(Saved data entries)
lemma set_integrable_Gamma_integrand:
  fixes p :: real
  assumes "p > 0"
  shows "set_integrable lborel {0<..} (\<lambda>t. t powr (p - 1) / exp t)"
proof -
  have "(\<lambda>t. t powr (p - 1) / exp t) absolutely_integrable_on {0..}"
    using has_integral_integrable[OF Gamma_integral_real[OF assms]]
    by (subst absolutely_integrable_on_iff_nonneg) auto
  then have "set_integrable lebesgue {0<..} (\<lambda>t. t powr (p - 1) / exp t)"
    by (rule set_integrable_subset) auto
  moreover have "(\<lambda>t. indicator {0<..} t *\<^sub>R (t powr (p - 1) / exp t)) \<in> borel_measurable borel"
    by (rule borel_measurable_continuous_on_indicator) (auto intro!: continuous_intros)
  ultimately show ?thesis
    unfolding set_integrable_def by (subst (asm) integrable_completion) auto
qed

definition gauss_moment :: "real \<Rightarrow> real \<Rightarrow> real" where
  "gauss_moment p s = (LBINT t:{0<..}. t powr (p - 1) * exp (- (t\<^sup>2) / 2) * exp (s * t))"

lemma set_integrable_gauss_moment:
  fixes p s :: real
  assumes "p > 0"
  shows "set_integrable lborel {0<..} (\<lambda>t. t powr (p - 1) * exp (- (t\<^sup>2) / 2) * exp (s * t))"
proof (rule set_integrable_bound)
  show "set_integrable lborel {0<..} (\<lambda>t. exp ((s + 1)\<^sup>2 / 2) * (t powr (p - 1) / exp t))"
    using set_integrable_Gamma_integrand[OF assms] by (rule set_integrable_mult_right)
  show "set_borel_measurable lborel {0<..} (\<lambda>t. t powr (p - 1) * exp (- (t\<^sup>2) / 2) * exp (s * t))"
  proof -
    have "(\<lambda>t. indicator {0<..} t *\<^sub>R (t powr (p - 1) * exp (- (t\<^sup>2) / 2) * exp (s * t)))
        \<in> borel_measurable borel"
      by (rule borel_measurable_continuous_on_indicator) (auto intro!: continuous_intros)
    then show ?thesis by (simp add: set_borel_measurable_def)
  qed
  have "norm (t powr (p - 1) * exp (- (t\<^sup>2) / 2) * exp (s * t))
      \<le> norm (exp ((s + 1)\<^sup>2 / 2) * (t powr (p - 1) / exp t))" for t :: real
  proof -
    have "- (t\<^sup>2) / 2 + s * t \<le> (s + 1)\<^sup>2 / 2 - t"
      using zero_le_power2[of "t - (s + 1)"] by (simp add: power2_eq_square algebra_simps)
    then have "exp (- (t\<^sup>2) / 2) * exp (s * t) \<le> exp ((s + 1)\<^sup>2 / 2) / exp t"
      by (simp flip: exp_add exp_diff)
    then have "t powr (p - 1) * (exp (- (t\<^sup>2) / 2) * exp (s * t))
        \<le> t powr (p - 1) * (exp ((s + 1)\<^sup>2 / 2) / exp t)"
      by (intro mult_left_mono) auto
    then show ?thesis by (simp add: abs_mult mult_ac)
  qed
  then show "AE t in lborel. t \<in> {0<..} \<longrightarrow>
      norm (t powr (p - 1) * exp (- (t\<^sup>2) / 2) * exp (s * t))
        \<le> norm (exp ((s + 1)\<^sup>2 / 2) * (t powr (p - 1) / exp t))"
    by simp
qed

lemma gauss_moment_pos:
  assumes "p > 0"
  shows "gauss_moment p s > 0"
  unfolding gauss_moment_def
  by (rule set_integral_greaterThan_pos[OF set_integrable_gauss_moment[OF assms]]) simp

lemma gauss_moment_has_real_derivative:
  assumes "p > 0"
  shows "(gauss_moment p has_real_derivative gauss_moment (p + 1) s) (at s)"
proof -
  define f where "f t = t powr (p - 1) * exp (- (t\<^sup>2) / 2)" for t :: real
  have shift: "t * f t * exp (x * t) = t powr (p + 1 - 1) * exp (- (t\<^sup>2) / 2) * exp (x * t)"
    if "t \<in> {0<..}" for t x
    using that by (simp add: f_def powr_mult_base mult.assoc)
  have "((\<lambda>x. LBINT t:{0<..}. f t * exp (x * t)) has_real_derivative
          (LBINT t:{0<..}. t * f t * exp (s * t))) (at s)"
  proof (rule has_real_derivative_set_integral_exp)
    show "set_integrable lborel {0<..} (\<lambda>t. f t * exp (x * t))" for x
      using set_integrable_gauss_moment[OF assms] by (simp add: f_def)
    show "set_integrable lborel {0<..} (\<lambda>t. t * f t * exp (x * t))" for x
      using set_integrable_gauss_moment[of "p + 1" x] assms
      by (subst set_integrable_cong[OF refl refl shift]) auto
  qed
  moreover have "(\<lambda>x. LBINT t:{0<..}. f t * exp (x * t)) = gauss_moment p"
    by (simp add: f_def gauss_moment_def fun_eq_iff)
  moreover have "(LBINT t:{0<..}. t * f t * exp (s * t)) = gauss_moment (p + 1) s"
    unfolding gauss_moment_def by (rule set_lebesgue_integral_cong) (auto simp: shift)
  ultimately show ?thesis by simp
qed

lemma strict_mono_gauss_moment:
  assumes "p > 0"
  shows "strict_mono (gauss_moment p)"
proof (rule strict_monoI)
  fix a b :: real
  assume "a < b"
  have "\<exists>y. (gauss_moment p has_real_derivative y) (at x) \<and> y > 0" for x
    using gauss_moment_has_real_derivative[OF assms] gauss_moment_pos[of "p + 1"] assms by auto
  then show "gauss_moment p a < gauss_moment p b"
    by (rule DERIV_pos_imp_increasing[OF \<open>a < b\<close>])
qed

lemma psi_fun_eq_gauss_moment:
  fixes \<mu> \<kappa> \<sigma> \<rho> x :: real
  assumes "\<kappa> > 0" "\<sigma> > 0"
  shows "psi_fun \<mu> \<kappa> \<sigma> \<rho> x
    = gauss_moment (\<rho> / \<kappa>) (sqrt (2 * \<kappa>) / \<sigma> * (x - \<mu>)) / Gamma (\<rho> / \<kappa>)"
proof -
  define z where "z = - ((x - \<mu>) / \<sigma>) * sqrt (2 * \<kappa>)"
  have "z\<^sup>2 = 2 * \<kappa> * (x - \<mu>)\<^sup>2 / \<sigma>\<^sup>2"
    unfolding z_def using assms by (simp add: power_mult_distrib power_divide)
  then have prefactor: "exp (\<kappa> * (x - \<mu>)\<^sup>2 / (2 * \<sigma>\<^sup>2)) * exp (- (z\<^sup>2) / 4) = 1"
    by (simp flip: exp_add)
  have "(LBINT t:{0<..}. t powr (- (- \<rho> / \<kappa>) - 1) * exp (- (t\<^sup>2) / 2 - z * t))
      = gauss_moment (\<rho> / \<kappa>) (sqrt (2 * \<kappa>) / \<sigma> * (x - \<mu>))"
    unfolding gauss_moment_def z_def
    by (rule set_lebesgue_integral_cong) (auto simp: algebra_simps simp flip: exp_add)
  then show ?thesis
    unfolding psi_fun_def parabolic_cylinder_D_def z_def[symmetric]
    using prefactor by (simp add: field_simps)
qed
lemma cofinal_records:
  assumes r: "Well_order r" and l: "Well_order l" and "Field l = K" and "K \<subseteq> Field r"
    and "cofinal K r"
  defines "T \<equiv> {k \<in> K. \<forall>k' \<in> K. (k', k) \<in> l \<longrightarrow> (k', k) \<in> r}"
  shows "cofinal T r" and "Restr r T = Restr l T"
proof -
  interpret l: wo_rel l using l by (simp add: wo_rel_def)
  have T_K: "T \<subseteq> K" and T_below: "\<And>k k'. k \<in> T \<Longrightarrow> k' \<in> K \<Longrightarrow> (k', k) \<in> l \<Longrightarrow> (k', k) \<in> r"
    unfolding T_def by blast+
  show "cofinal T r"
    unfolding cofinal_def
  proof
    fix a assume a: "a \<in> Field r"
    let ?U = "{k \<in> K. a \<noteq> k \<and> (a, k) \<in> r}"
    have "?U \<noteq> {}" using \<open>cofinal K r\<close> a unfolding cofinal_def by blast
    moreover have "?U \<subseteq> Field l" using \<open>Field l = K\<close> by blast
    ultimately have m: "l.minim ?U \<in> ?U" and m_least: "\<And>k. k \<in> ?U \<Longrightarrow> (l.minim ?U, k) \<in> l"
      using l.minim_in l.minim_least by auto
    have "l.minim ?U \<in> T"
      unfolding T_def
    proof (intro CollectI conjI ballI impI)
      fix k' assume k': "k' \<in> K" "(k', l.minim ?U) \<in> l"
      show "(k', l.minim ?U) \<in> r"
      proof (cases "k' = l.minim ?U")
        case True
        then show ?thesis using m \<open>K \<subseteq> Field r\<close> Well_order_refl[OF r] by blast
      next
        case False
        then have "k' \<notin> ?U" using m_least k' Well_order_antisymD[OF l] by blast
        then have "(k', a) \<in> r"
          using k' a \<open>K \<subseteq> Field r\<close> Well_order_total[OF r] Well_order_refl[OF r] by blast
        then show ?thesis using m Well_order_transD[OF r] by blast
      qed
    qed (use m in blast)
    then show "\<exists>b \<in> T. a \<noteq> b \<and> (a, b) \<in> r" using m by blast
  qed
  show "Restr r T = Restr l T"
  proof (intro set_eqI iffI)
    fix p assume p: "p \<in> Restr l T"
    then show "p \<in> Restr r T" using T_K T_below by blast
  next
    fix p assume p: "p \<in> Restr r T"
    then obtain x y where xy: "p = (x, y)" "x \<in> T" "y \<in> T" "(x, y) \<in> r" by blast
    have "(x, y) \<in> l"
    proof (rule ccontr)
      assume "(x, y) \<notin> l"
      moreover have "x \<in> Field l" "y \<in> Field l" using xy T_K \<open>Field l = K\<close> by auto
      ultimately have "(y, x) \<in> l" "x \<noteq> y" using Well_order_total[OF l] Well_order_refl[OF l] by blast+
      then have "(y, x) \<in> r" using xy T_K T_below by blast
      then show False using xy \<open>x \<noteq> y\<close> Well_order_antisymD[OF r] by blast
    qed
    then show "p \<in> Restr l T" using xy by blast
  qed
qed

lemma exists_cofinal_Card_order_Restr:
  assumes r: "Well_order r" and "A \<subseteq> Field r" and "cofinal A r"
  obtains T where "T \<subseteq> Field r" and "cofinal T r" and "Card_order (Restr r T)"
    and "\<And>K. K \<subseteq> Field r \<Longrightarrow> cofinal K r \<Longrightarrow> |T| \<le>o |K|"
proof -
  let ?R = "{|K| | K. K \<subseteq> Field r \<and> cofinal K r}"
  have "\<exists>l \<in> ?R. \<forall>l' \<in> ?R. l \<le>o l'"
    using assms by (intro exists_minim_Card_order) (auto simp: card_of_Card_order)
  then obtain K0 where K0: "K0 \<subseteq> Field r" "cofinal K0 r"
    and K0_least: "\<And>K. K \<subseteq> Field r \<Longrightarrow> cofinal K r \<Longrightarrow> |K0| \<le>o |K|"
    by blast
  let ?l = "|K0|"
  define T where "T = {k \<in> K0. \<forall>k' \<in> K0. (k', k) \<in> ?l \<longrightarrow> (k', k) \<in> r}"
  have T: "cofinal T r" "Restr r T = Restr ?l T"
    using cofinal_records[OF r card_of_Well_order Field_card_of K0] unfolding T_def by blast+
  have "T \<subseteq> K0" unfolding T_def by blast
  then have "T \<subseteq> Field r" using K0(1) by blast
  have "Restr r T \<le>o |K0|"
    using T(2) Restr_ordLeq[OF card_of_Well_order] \<open>T \<subseteq> K0\<close> by (simp add: Field_card_of)
  also have "|K0| \<le>o |T|" using K0_least \<open>T \<subseteq> Field r\<close> T(1) .
  also have "|T| = |Field (Restr r T)|"
    using Refl_Field_Restr2[OF wo_rel.REFL \<open>T \<subseteq> Field r\<close>] r by (simp add: wo_rel_def)
  finally have "Card_order (Restr r T)" by (simp only: Card_order_iff_ordLeq_card_of)
  moreover have "|T| \<le>o |K|" if "K \<subseteq> Field r" "cofinal K r" for K
    using card_of_mono1[OF \<open>T \<subseteq> K0\<close>] K0_least[OF that] by (rule ordLeq_transitive)
  ultimately show thesis using that \<open>T \<subseteq> Field r\<close> T(1) by blast
qed

section \<open>The invariant chi\<close>

lemma coinitial_family_Restr_cofinal:
  assumes le_trans: "transp_on (S - {b}) le" and c: "Well_order c"
    and "coinitial_family S le b c" and "T \<subseteq> Field c" and "cofinal T c"
  shows "coinitial_family S le b (Restr c T)"
proof -
  obtain s where s_in: "s ` Field c \<subseteq> S - {b}"
    and s_decr: "\<forall>\<alpha>\<in>Field c. \<forall>\<beta>\<in>Field c. (\<alpha>, \<beta>) \<in> c \<and> \<alpha> \<noteq> \<beta> \<longrightarrow> le (s \<beta>) (s \<alpha>) \<and> s \<beta> \<noteq> s \<alpha>"
    and s_coinitial: "\<forall>t \<in> S - {b}. \<exists>\<alpha> \<in> Field c. le (s \<alpha>) t"
    using assms(3) unfolding coinitial_family_def by blast
  have Field_T: "Field (Restr c T) = T"
    using Refl_Field_Restr2[OF wo_rel.REFL \<open>T \<subseteq> Field c\<close>] c by (simp add: wo_rel_def)
  have "\<exists>\<beta> \<in> T. le (s \<beta>) t" if t: "t \<in> S - {b}" for t
  proof -
    obtain \<alpha> where \<alpha>: "\<alpha> \<in> Field c" "le (s \<alpha>) t" using s_coinitial t by blast
    then obtain \<beta> where \<beta>: "\<beta> \<in> T" "\<alpha> \<noteq> \<beta>" "(\<alpha>, \<beta>) \<in> c"
      using \<open>cofinal T c\<close> unfolding cofinal_def by blast
    then have "le (s \<beta>) (s \<alpha>)" using s_decr \<alpha>(1) \<open>T \<subseteq> Field c\<close> by blast
    then have "le (s \<beta>) t"
      using transp_onD[OF le_trans _ _ t _ \<alpha>(2)] s_in \<alpha>(1) \<beta>(1) \<open>T \<subseteq> Field c\<close> by blast
    then show ?thesis using \<beta>(1) by blast
  qed
  moreover have "s ` T \<subseteq> S - {b}" using s_in \<open>T \<subseteq> Field c\<close> by blast
  moreover have "\<forall>\<alpha>\<in>T. \<forall>\<beta>\<in>T. (\<alpha>, \<beta>) \<in> Restr c T \<and> \<alpha> \<noteq> \<beta> \<longrightarrow> le (s \<beta>) (s \<alpha>) \<and> s \<beta> \<noteq> s \<alpha>"
    using s_decr \<open>T \<subseteq> Field c\<close> by blast
  ultimately show ?thesis unfolding coinitial_family_def Field_T by blast
qed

§ What you are asked to do: Search the records above for the string "shows" and copy each line that holds it.

§ Task solution:
  shows "set_integrable lborel {0<..} (\<lambda>t. t powr (p - 1) / exp t)"
  shows "set_integrable lborel {0<..} (\<lambda>t. t powr (p - 1) * exp (- (t\<^sup>2) / 2) * exp (s * t))"
  shows "gauss_moment p s > 0"
  shows "(gauss_moment p has_real_derivative gauss_moment (p + 1) s) (at s)"
  shows "strict_mono (gauss_moment p)"
  shows "psi_fun \<mu> \<kappa> \<sigma> \<rho> x
  shows "cofinal T r" and "Restr r T = Restr l T"
  shows "coinitial_family S le b (Restr c T)"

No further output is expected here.